MG: Auditores-Fiscais responsabilizam Vale por trabalho escravo


Banheiro sem condições de uso
Vítimas levavam o minério de ferro pela estrada particular da Vale que liga duas minas em Itabirito. Eles não tinham acesso a banheiro ou água potável e cumpriam jornada exaustiva. É a primeira vez que Vale é vinculada diretamente ao crime 
Auditores-Fiscais da Superintendência Regional do Trabalho e Emprego de Minas Gerais – SRTE/MG responsabilizaram a Vale por trabalho análogo ao escravo em ação que encontrou 309 pessoas laborando em situação degradante na Mina do Pico, em Itabirito. 
No local, motoristas eram submetidos a jornadas exaustivas e a condições degradantes e foram vítimas de fraude, promessas enganosas e ameaças. Eles também não podiam usar o banheiro e tinham que trazer de casa a água potável para consumo. A inspeção, que teve início no dia 2 de fevereiro, autuou a empresa por 32 infrações trabalhistas. 
As vítimas levavam o minério de ferro pela estrada particular da Vale que liga duas minas em Itabirito. Apesar da tentativa de atribuir a responsabilidade à empresa terceirizada para executar o serviço, a Ouro Verde, no primeiro dia de inspeção os Auditores-Fiscais interditaram o local e a Vale foi responsabilizada pela terceirização ilícita e por submeter as 309 pessoas ao trabalho análogo ao de escravo. 
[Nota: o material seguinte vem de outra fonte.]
lemma dist_pstar_le:
  assumes n: "n < N"
  shows "modulus * norm (v - pstar n) \<le> modulus * (norm (gF n v) / mu) + lam * Mb"
proof -
  have "norm (v - pstar n) \<le> norm (v - ustar n) + norm (pstar n - ustar n)"
    using norm_triangle_ineq4[of "v - ustar n" "pstar n - ustar n"] by simp
  then have "norm (v - pstar n) \<le> norm (gF n v) / mu + norm (pstar n - ustar n)"
    using dist_ustar_le[OF n, of v] by linarith
  from mult_left_mono[OF this less_imp_le[OF modulus_pos]]
  show ?thesis
    using dist_pstar_ustar_le[OF n] unfolding distrib_left by linarith
qed

lemma personalized_step_small:
  assumes n: "n < N" and eta: "0 \<le> eta" "eta * modulus \<le> 1"
  shows "(norm (w - eta *\<^sub>R ((1 - lam / 2) *\<^sub>R gF n w + lam *\<^sub>R (w - g)) - pstar n))\<^sup>2
    \<le> (1 - eta * modulus + eta) * (norm (w - pstar n))\<^sup>2
      + eta\<^sup>2 * ((1 - lam / 2) * norm (gF n w) + lam * (norm (gF n g) / mu + Mb))\<^sup>2
      + 2 * eta * lam\<^sup>2 / mu * gap g"
proof -
  define k where "k = 1 - lam / 2"
  define D where "D = w - pstar n"
  define V where "V = k *\<^sub>R gF n w + lam *\<^sub>R (w - g)"
  define B where "B = g - wstar"
  have "D \<bullet> (modulus *\<^sub>R D - V)
      = modulus * (norm D)\<^sup>2 - D \<bullet> (k *\<^sub>R gF n w + lam *\<^sub>R (w - wstar)) + lam * (D \<bullet> B)"
    unfolding D_def V_def B_def power2_norm_eq_inner by (simp add: algebra_simps inner_diff_right)
  also have "\<dots> \<le> lam * (D \<bullet> B)"
    using pstar_inner_ge[OF n, of w] unfolding D_def k_def by simp
  also have "2 * \<dots> \<le> (norm D)\<^sup>2 + (lam * norm B)\<^sup>2"
    using sum_squares_bound[of "norm D" "lam * norm B"]
      mult_left_mono[OF norm_cauchy_schwarz[of D B] lam_range(1)]
    by (simp add: power2_eq_square algebra_simps)
  finally have step: "(norm (D - eta *\<^sub>R V))\<^sup>2 \<le> (1 - eta * modulus + eta) * (norm D)\<^sup>2
      + eta * (lam * norm B)\<^sup>2 + eta\<^sup>2 * (norm (modulus *\<^sub>R D - V))\<^sup>2"
    using eta modulus_pos by (intro norm_diff_scaleR_le) auto
  have "modulus *\<^sub>R D - V = lam *\<^sub>R (g - ustar n) - modulus *\<^sub>R (pstar n - ustar n)
      - k *\<^sub>R (gF n w - mu *\<^sub>R (w - ustar n))"
    unfolding D_def V_def modulus_def k_def by (simp add: algebra_simps)
  then have "norm (modulus *\<^sub>R D - V)
      \<le> lam * norm (g - ustar n) + modulus * norm (pstar n - ustar n)
        + k * norm (gF n w - mu *\<^sub>R (w - ustar n))"
    using modulus_pos weight_nonneg lam_range unfolding k_def
    by (smt (verit) norm_scaleR norm_triangle_ineq4 abs_of_nonneg)
  also have "\<dots> \<le> lam * (norm (gF n g) / mu) + lam * Mb + k * norm (gF n w)"
    using mult_left_mono[OF dist_ustar_le[OF n] lam_range(1)] dist_pstar_ustar_le[OF n]
      mult_left_mono[OF strongly_convex_norm_gradient_shift_le[OF sconv grad ustar_min] weight_nonneg]
      n mu_pos
    unfolding k_def by (smt (verit) less_imp_le)
  finally have R: "(norm (modulus *\<^sub>R D - V))\<^sup>2
      \<le> (k * norm (gF n w) + lam * (norm (gF n g) / mu + Mb))\<^sup>2"
    by (rule power_mono[OF order_trans]) (simp_all add: algebra_simps)
  have "(norm B)\<^sup>2 \<le> 2 / mu * gap g"
    using gap_quadratic_growth[of g] mu_pos unfolding B_def by (simp add: field_simps)
  from mult_left_mono[OF this, of "eta * lam\<^sup>2"]
  have "eta * (lam * norm B)\<^sup>2 \<le> 2 * eta * lam\<^sup>2 / mu * gap g"
    using eta by (simp add: power_mult_distrib mult.assoc mult.left_commute)
  then show ?thesis
    using step mult_left_mono[OF R zero_le_power2[of eta]] unfolding D_def V_def k_def
    by (simp add: algebra_simps)
qed

end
Os Auditores-Fiscais já haviam notificado a Ouro Verde em outra inspeção, quando foram definidas adequações necessárias relacionadas à legislação de saúde e segurança. Apesar disso, a empresa não providenciou as adequações. 
“A Vale sabia de tudo e deixou correr solto. Temos um relatório em que eles detectam e registram mais de 30 inconformidades nessa terceirizada”, diz o Auditor-Fiscal do Trabalho Marcelo Campos, coordenador do Projeto de Combate ao Trabalho Análogo ao de Escravo em Minas Gerais e responsável pela ação. 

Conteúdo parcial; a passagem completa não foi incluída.